- Theatrical release poster
- Directed by: Claude Binyon
- Screenplay by: Claude Binyon
- Based on: The Doctor Wears Three Faces by Mary Bard
- Produced by: Fred Kohlmar
- Starring: Dorothy McGuire William Lundigan June Havoc Gary Merrill Jessie Royce Landis Joyce MacKenzie Leif Erickson
- Cinematography: Joseph LaShelle
- Edited by: Harmon Jones
- Music by: Cyril J. Mockridge
- Production company: Twentieth Century-Fox
- Distributed by: Twentieth Century-Fox
- Release date: March 3, 1950 (New York);
- Running time: 88 minutes
- Country: United States
- Language: English

= Mother Didn't Tell Me =

1950 film by Claude Binyon

Mother Didn't Tell Me is a 1950 American comedy film written and directed by Claude Binyon. It is based on the 1949 book The Doctor Wears Three Faces by Mary Bard. The film stars Dorothy McGuire, William Lundigan, June Havoc, Gary Merrill, Jessie Royce Landis and Joyce MacKenzie. It was released on March 3, 1950 by Twentieth Century-Fox.

==Plot==
Advertising jingle writer Jane Morgan is treated for a cold by Dr. Bill Wright, and soon they date and fall in love. Jane is warned by Bill's mother and by another doctor's wife, Maggie, about the complications of being married to a doctor whose work often takes priority over his personal life.

Jane gives birth to twins, but her gradual frustration over Bill's absence is further irritated by his collaboration with Dr. Helen Porter, who is very attractive and makes Jane jealous. When she pretends to be ill in order to coax Bill into coming home, Jane is annoyed when Helen arrives to treat her instead.

Just as Jane is packed and preparing to leave her husband, their children are accidentally poisoned, but Bill is able to save them. Jane learns that Mrs. Wright, her mother-in-law, has persuaded Helen to take a job in another city.

==Cast==
- Dorothy McGuire as Jane Morgan
- William Lundigan as Doctor William Wright
- June Havoc as Maggie Roberts
- Gary Merrill as Doctor Peter Roberts
- Jessie Royce Landis as Mrs.

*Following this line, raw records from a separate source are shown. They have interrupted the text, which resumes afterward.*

lemma measure_ball_growth:
  obtains s C where "0 < s" "s < q" "C > 0"
    "\<And>r R. 1 \<le> r \<Longrightarrow> r \<le> R \<Longrightarrow> measure \<mu> (ball a R) \<le> C * (R / r) powr s * measure \<mu> (ball a r)"
proof -
  obtain \<epsilon> K where "0 < \<epsilon>" "\<epsilon> < q" "K > 0" and decay:
    "\<And>t u. 1 / 2 \<le> t \<Longrightarrow> t \<le> u \<Longrightarrow> tail u \<le> K * (u / t) powr (- \<epsilon>) * tail t"
    using tail_power_decay by blast
  obtain B where "B > 0" and B: "\<And>r. 1 \<le> r \<Longrightarrow> tail (\<kappa> * r) \<le> B * measure \<mu> (ball a r) / r powr q"
    using tail_le_measure_ball by blast
  obtain c where "c > 0" and c:
    "\<And>r. 1 \<le> r \<Longrightarrow> c * measure \<mu> (ball a r) / r powr q + tail ((\<kappa> + 1) * r) \<le> tail (r / 2)"
    using tail_annulus_ge by blast
  define C where "C = K * B * (2 * \<kappa>) powr q / c"
  have "measure \<mu> (ball a R) \<le> C * (R / r) powr (q - \<epsilon>) * measure \<mu> (ball a r)"
    if "1 \<le> r" "r \<le> R" for r R
  proof -
    define \<rho> where "\<rho> = R / r"
    have "\<rho> \<ge> 1" "R = \<rho> * r"
      using that by (simp_all add: \<rho>_def)
    have "1 \<le> \<kappa> * r" "1 \<le> 2 * \<kappa> * R"
      using mult_mono[of 1 \<kappa> 1 r] mult_mono[of 1 "2 * \<kappa>" 1 R] that kappa_gt_1 by simp_all
    have "c * measure \<mu> (ball a (2 * \<kappa> * R)) / (2 * \<kappa> * R) powr q \<le> tail (\<kappa> * R)"
      using c[OF \<open>1 \<le> 2 * \<kappa> * R\<close>] tail_nonneg[of "(\<kappa> + 1) * (2 * \<kappa> * R)"] by simp
    also have "\<dots> \<le> K * \<rho> powr (- \<epsilon>) * tail (\<kappa> * r)"
      using decay[of "\<kappa> * r" "\<kappa> * R"] that kappa_gt_1 \<open>1 \<le> \<kappa> * r\<close> by (simp add: \<rho>_def)
    also have "\<dots> \<le> K * \<rho> powr (- \<epsilon>) * (B * measure \<mu> (ball a r) / r powr q)"
      using B[OF \<open>1 \<le> r\<close>] \<open>K > 0\<close> by (intro mult_left_mono) simp_all
    finally have "c * measure \<mu> (ball a (2 * \<kappa> * R)) / (2 * \<kappa> * R) powr q
        \<le> K * \<rho> powr (- \<epsilon>) * (B * measure \<mu> (ball a r) / r powr q)" .
    moreover have "(2 * \<kappa> * R) powr q = (2 * \<kappa>) powr q * \<rho> powr q * r powr q"
      using \<open>R = \<rho> * r\<close> \<open>\<rho> \<ge> 1\<close> that kappa_gt_1 by (simp add: powr_mult mult_ac)
    ultimately have "measure \<mu> (ball a (2 * \<kappa> * R)) \<le> C * (\<rho> powr q * \<rho> powr (- \<epsilon>)) * measure \<mu> (ball a r)"
      using \<open>c > 0\<close> \<open>\<rho> \<ge> 1\<close> that kappa_gt_1 by (simp add: C_def field_simps)
    moreover have "measure \<mu> (ball a R) \<le> measure \<mu> (ball a (2 * \<kappa> * R))"
      using that kappa_gt_1 by (intro measure_ball_mono) simp
    ultimately show ?thesis
      using \<open>\<rho> \<ge> 1\<close> by (simp add: \<rho>_def powr_add[symmetric])
  qed
  then show thesis
    using \<open>0 < \<epsilon>\<close> \<open>\<epsilon> < q\<close> \<open>K > 0\<close> \<open>B > 0\<close> \<open>c > 0\<close> kappa_gt_1
    by (intro that[of "q - \<epsilon>" C]) (simp_all add: C_def)
qed
(* For V = P = fps_X it is the hypergeometric operator; after the substitution
   z = P, V d/dx plays the role of z d/dz (vderiv_fps_compose). *)
definition hyp3F2_op ::
    "complex fps \<Rightarrow> complex fps \<Rightarrow> real \<Rightarrow> real \<Rightarrow> real \<Rightarrow> real \<Rightarrow> real \<Rightarrow> complex fps \<Rightarrow> complex fps" where
  "hyp3F2_op V P a1 a2 a3 b1 b2 F =
     vderiv V (vderiv V (vderiv V F)) + fps_const (of_real (b1 + b2 - 2)) * vderiv V (vderiv V F)
       + fps_const (of_real ((b1 - 1) * (b2 - 1))) * vderiv V F
     - P * (vderiv V (vderiv V (vderiv V F)) + fps_const (of_real (a1 + a2 + a3)) * vderiv V (vderiv V F)
       + fps_const (of_real (a1 * a2 + a1 * a3 + a2 * a3)) * vderiv V F
       + fps_const (of_real (a1 * a2 * a3)) * F)"

lemma fps_nth_vderiv_fps_X [simp]: "vderiv fps_X F $ n = of_nat n * F $ n"
  by (simp add: vderiv_def)

lemma hyp3F2_op_hyp3F2_fps:
  assumes "b1 > 0" "b2 > 0"
  shows "hyp3F2_op fps_X fps_X a1 a2 a3 b1 b2 (hyp3F2_fps a1 a2 a3 b1 b2) = 0"
proof (rule fps_ext)
  fix n
  show "hyp3F2_op fps_X fps_X a1 a2 a3 b1 b2 (hyp3F2_fps a1 a2 a3 b1 b2) $ n = 0 $ n"
  proof (cases n)
    case (Suc m)
    have "complex_of_real (hyp3F2_coeff a1 a2 a3 b1 b2 (Suc m) * ((b1 + m) * (b2 + m) * (m + 1)))
        = of_real (hyp3F2_coeff a1 a2 a3 b1 b2 m * ((a1 + m) * (a2 + m) * (a3 + m)))"
      using hyp3F2_coeff_Suc[OF assms] by simp
    then show ?thesis
      using Suc by (simp add: hyp3F2_op_def hyp3F2_fps_def algebra_simps)
  qed (simp add: hyp3F2_op_def)
qed

lemma vderiv_fps_compose:
  fixes P :: "complex fps"
  assumes "P $ 0 = 0" "vderiv V P = P"
  shows "vderiv V (F oo P) = vderiv fps_X F oo P"
proof -
  have "vderiv V (F oo P) = (fps_deriv F oo P) * vderiv V P"
    by (simp add: vderiv_def fps_compose_deriv[OF assms(1)] algebra_simps)
  also have "\<dots> = (fps_deriv F oo P) * (fps_X oo P)"
    using assms by simp
  also have "\<dots> = vderiv fps_X F oo P"
    by (simp add: vderiv_def fps_compose_mult_distrib[OF assms(1)] mult.commute)
  finally show ?thesis .
qed

lemma hyp3F2_op_fps_compose:
  fixes P :: "complex fps"
  assumes "P $ 0 = 0" "vderiv V P = P"
  shows "hyp3F2_op V P a1 a2 a3 b1 b2 (F oo P) = hyp3F2_op fps_X fps_X a1 a2 a3 b1 b2 F oo P"
  by (simp add: hyp3F2_op_def vderiv_fps_compose[OF assms] fps_compose_add_distrib
      fps_compose_sub_distrib fps_compose_mult_distrib[OF assms(1)] assms(1))

lemma hyp3F2_op_linear:
  "hyp3F2_op V P a1 a2 a3 b1 b2 (fps_const c * F - G)
     = fps_const c * hyp3F2_op V P a1 a2 a3 b1 b2 F - hyp3F2_op V P a1 a2 a3 b1 b2 G"
  by (simp add: hyp3F2_op_def vderiv_def algebra_simps)

lemma fps_mult_nth_eq_0:
  fixes P G :: "'a::semiring_0 fps"
  assumes "P $ 0 = 0" "\<forall>j<m. G $ j = 0"
  shows "(P * G) $ m = 0"
proof -
  have "P $ i * G $ (m - i) = 0" if "i \<le> m" for i
    using assms that by (cases "i = 0") auto
  then show ?thesis
    by (simp add: fps_mult_nth)
qed

lemma vderiv_nth_below:
  fixes V F :: "complex fps"
  assumes "V $ 0 = 0" "\<forall>j<m. F $ j = 0" "j < m"
  shows "vderiv V F $ j = 0"
proof -
  have "V $ i * fps_deriv F $ (j - i) = 0" if "i \<le> j" for i
    using assms that by (cases "i = 0") auto
  then show ?thesis
    unfolding vderiv_def fps_mult_nth by (intro sum.neutral ballI) simp
qed

lemma vderiv_nth:
  fixes V F :: "complex fps"
  assumes "V $ 0 = 0" "V $ 1 = 1" "\<forall>j<m. F $ j = 0"
  shows "vderiv V F $ m = of_nat m * F $ m"
proof (cases m)
  case (Suc k)
  have "V $ i * fps_deriv F $ (m - i) = (if i = 1 then of_nat m * F $ m else 0)" if "i \<le> m" for i
    using assms that Suc by (cases "i = 0") auto
  then have "vderiv V F $ m = (\<Sum>i=0..m. if i = 1 then of_nat m * F $ m else 0)"
    unfolding vderiv_def fps_mult_nth by (intro sum.cong) auto
  then show ?thesis
    using Suc by simp
qed (use assms in \<open>simp add: vderiv_def\<close>)

lemma hyp3F2_op_nth:
  fixes V P F :: "complex fps"
  assumes "V $ 0 = 0" "V $ 1 = 1" "P $ 0 = 0" "\<forall>j<m. F $ j = 0"
  shows "hyp3F2_op V P a1 a2 a3 b1 b2 F $ m = of_real (m * (m + b1 - 1) * (m + b2 - 1)) * F $ m"
proof -
  let ?D = "vderiv V"
  have low1: "\<forall>j<m. ?D F $ j = 0"
    using vderiv_nth_below[OF assms(1,4)] by blast
  have low2: "\<forall>j<m. ?D (?D F) $ j = 0"
    using vderiv_nth_below[OF assms(1) low1] by blast
  have low3: "\<forall>j<m. ?D (?D (?D F)) $ j = 0"
    using vderiv_nth_below[OF assms(1) low2] by blast
  have "(P * (?D (?D (?D F)) + fps_const (of_real (a1 + a2 + a3)) * ?D (?D F)
       + fps_const (of_real (a1 * a2 + a1 * a3 + a2 * a3)) * ?D F
       + fps_const (of_real (a1 * a2 * a3)) * F)) $ m = 0"
    using low1 low2 low3 assms(4) by (intro fps_mult_nth_eq_0[OF assms(3)]) simp
  then show ?thesis
    using vderiv_nth[OF assms(1,2)] low1 low2 assms(4)
    by (simp add: hyp3F2_op_def algebra_simps)
qed

(* The indicial roots 0, 1 - b1, 1 - b2 are all below 1. *)
lemma hyp3F2_op_eq_0_imp_eq_0:
  fixes V P F :: "complex fps"
  assumes "V $ 0 = 0" "V $ 1 = 1" "P $ 0 = 0" "b1 > 0" "b2 > 0"
    and "hyp3F2_op V P a1 a2 a3 b1 b2 F = 0" "F $ 0 = 0"
  shows "F = 0"
proof (rule ccontr)
  assume "F \<noteq> 0"
  define m where "m = subdegree F"
  have "F $ m \<noteq> 0"
    unfolding m_def using \<open>F \<noteq> 0\<close> by simp
  then have "m > 0"
    using assms(7) by (cases m) auto
  then have "m * (m + b1 - 1) * (m + b2 - 1) \<noteq> 0"
    using assms(4,5) by simp
  then have "of_real (m * (m + b1 - 1) * (m + b2 - 1)) * F $ m \<noteq> 0"
    using \<open>F $ m \<noteq> 0\<close> by (metis mult_eq_0_iff of_real_eq_0_iff)
  moreover have "\<forall>j<m. F $ j = 0"
    unfolding m_def using nth_less_subdegree_zero by blast
  then have "hyp3F2_op V P a1 a2 a3 b1 b2 F $ m = of_real (m * (m + b1 - 1) * (m + b2 - 1)) * F $ m"
    by (rule hyp3F2_op_nth[OF assms(1-3)])
  ultimately show False
    using assms(6) by (metis fps_zero_nth)
qed

section \<open>Products of radicals\<close>

lemma fps_binomial_ODE:
  fixes c :: "'a::field_char_0"
  shows "(1 + fps_X) * fps_deriv (fps_binomial c) = fps_const c * fps_binomial c"
  by (simp add: fps_binomial_deriv fps_is_unit_iff)

lemma fps_deriv_fps_binomial_compose:
  fixes W :: "'a::field_char_0 fps"
  assumes "W $ 0 = 0"
  shows "(1 + W) * fps_deriv (fps_binomial c oo W) = fps_const c * fps_deriv W * (fps_binomial c oo W)"
proof -
  have "(1 + W) * fps_deriv (fps_binomial c oo W) = (((1 + fps_X) * fps_deriv (fps_binomial c)) oo W) * fps_deriv W"
    using assms by (simp add: fps_compose_deriv fps_compose_mult_distrib fps_compose_add_distrib)
  also have "\<dots> = fps_const c * fps_deriv W * (fps_binomial c oo W)"
    using assms by (simp add: fps_binomial_ODE fps_compose_mult_distrib)
  finally show ?thesis .
qed

fun radical_prod :: "int \<Rightarrow> (int list \<times> int) list \<Rightarrow> 'a::{ln, real_normed_field} \<Rightarrow> 'a" where
  "radical_prod d [] z = 1"
| "radical_prod d ((P, k) # ps) z = cl_eval P z powr (of_int k / of_int d) * radical_prod d ps z"

fun radical_prod_fps :: "int \<Rightarrow> (int list \<times> int) list \<Rightarrow> complex fps" where
  "radical_prod_fps d [] = 1"
| "radical_prod_fps d ((P, k) # ps) = (fps_binomial (of_int k / of_int d) oo (cl_fps P - 1)) * radical_prod_fps d ps"

fun cl_prod :: "(int list \<times> int) list \<Rightarrow> int list" where
  "cl_prod [] = [1]"
| "cl_prod ((P, k) # ps) = cl_mult P (cl_prod ps)"

fun radical_log_deriv :: "(int list \<times> int) list \<Rightarrow> int list" where
  "radical_log_deriv [] = []"
| "radical_log_deriv ((P, k) # ps) =
     cl_add (cl_smult k (cl_mult (cl_deriv P) (cl_prod ps))) (cl_mult P (radical_log_deriv ps))"

lemma radical_prod_fps_nth_0:
  assumes "\<forall>P\<in>fst ` set ps. cl_nth P 0 = 1"
  shows "radical_prod_fps d ps $ 0 = 1"
  using assms by (induction d ps rule: radical_prod_fps.induct) (auto simp: fps_nth_cl_eval)

lemma radical_prod_fps_log_deriv:
  assumes "d \<noteq> 0" "\<forall>P\<in>fst ` set ps. cl_nth P 0 = 1"
  shows "of_int d * cl_fps (cl_prod ps) * fps_deriv (radical_prod_fps d ps)
       = cl_fps (radical_log_deriv ps) * radical_prod_fps d ps"
  using assms(2)
proof (induction ps)
  case (Cons Pk ps)
  obtain P k where Pk [simp]: "Pk = (P, k)"
    by fastforce
  define W where "W = cl_fps P - 1"
  define B where "B = fps_binomial (of_int k / of_int d) oo W"
  define R where "R = radical_prod_fps d ps"
  have W0: "W $ 0 = 0"
    using Cons.prems unfolding W_def by (simp add: fps_nth_cl_eval)
  have "of_int d * ((1 + W) * fps_deriv B) = of_int d * (fps_const (of_int k / of_int d) * fps_deriv W * B)"
    unfolding B_def by (simp only: fps_deriv_fps_binomial_compose[OF W0])
  also have "\<dots> = of_int k * fps_deriv W * B"
    using assms(1) by (simp flip: fps_of_int fps_const_mult)
  finally have B': "of_int d * ((1 + W) * fps_deriv B) = of_int k * fps_deriv W * B" .
  have R': "of_int d * cl_fps (cl_prod ps) * fps_deriv R = cl_fps (radical_log_deriv ps) * R"
    using Cons unfolding R_def by simp
  have P: "cl_fps P = 1 + W"
    unfolding W_def by simp
  have prod: "cl_fps (cl_prod (Pk # ps)) = (1 + W) * cl_fps (cl_prod ps)"
    and rad: "radical_prod_fps d (Pk # ps) = B * R"
    by (simp_all add: P B_def R_def flip: W_def)
  have "of_int d * cl_fps (cl_prod (Pk # ps)) * fps_deriv (radical_prod_fps d (Pk # ps))
      = of_int d * ((1 + W) * fps_deriv B) * (cl_fps (cl_prod ps) * R)
        + (1 + W) * B * (of_int d * cl_fps (cl_prod ps) * fps_deriv R)"
    unfolding prod rad by (simp add: algebra_simps)
  also have "\<dots> = cl_fps (radical_log_deriv (Pk # ps)) * radical_prod_fps d (Pk # ps)"
    unfolding B' R' rad by (simp add: P fps_deriv_cl_eval[symmetric] algebra_simps)
  finally show ?case .
qed simp

lemma has_fps_expansion_radical_prod:
  assumes "\<forall>P\<in>fst ` set ps. cl_nth P 0 = 1"
  shows "(radical_prod d ps :: complex \<Rightarrow> complex) has_fps_expansion radical_prod_fps d ps"
  using assms
proof (induction d ps rule: radical_prod_fps.induct)
  case (1 d)
  have "radical_prod d [] = (\<lambda>_::complex. 1)"
    by (simp add: fun_eq_iff)
  then show ?case
    by simp
next
  case (2 d P k ps)
  let ?c = "of_int k / of_int d :: complex"
  have "(\<lambda>z::complex. cl_eval P z - 1) has_fps_expansion cl_fps P - 1"
    using has_fps_expansion_cl_eval by (intro has_fps_expansion_diff) auto
  then have "((\<lambda>w. (1 + w) powr ?c) \<circ> (\<lambda>z. cl_eval P z - 1)) has_fps_expansion
       (fps_binomial ?c oo (cl_fps P - 1))"
    using "2.prems" by (intro has_fps_expansion_compose has_fps_expansion_binomial_complex)
      (simp_all add: fps_nth_cl_eval)
  then have "(\<lambda>z. cl_eval P z powr ?c * radical_prod d ps z) has_fps_expansion radical_prod_fps d ((P, k) # ps)"
    using 2 by (auto simp: o_def intro: has_fps_expansion_mult)
  then show ?case
    by simp
qed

Wright
- Joyce MacKenzie as Helen Porter
- Leif Erickson as Dr. Bruce Gordon
- Archie Twitchell as Dr. Tod Morgan

== Reception ==
In a contemporary review for The New York Times, critic Bosley Crowther wrote: "Although the light-headed young lady whom Dorothy McGuire plays in 'Mother Didn't Tell Me' is not named Claudia, she bears a most striking resemblance to that persistently popular dame. She is frankly and winsomely designing. She has a stubbornly jealous streak. Her innocence is overwhelming. And she is blissfully irrational. Too darned irrational, if you ask us! The lady's just short of being a dope. And that is the irretrievable weakness of this new comedy ... Miss McGuire is compelled to play a lady whose perversities of wits are so absurd that the charms of her innocent nature are swamped in the backwash of her guff."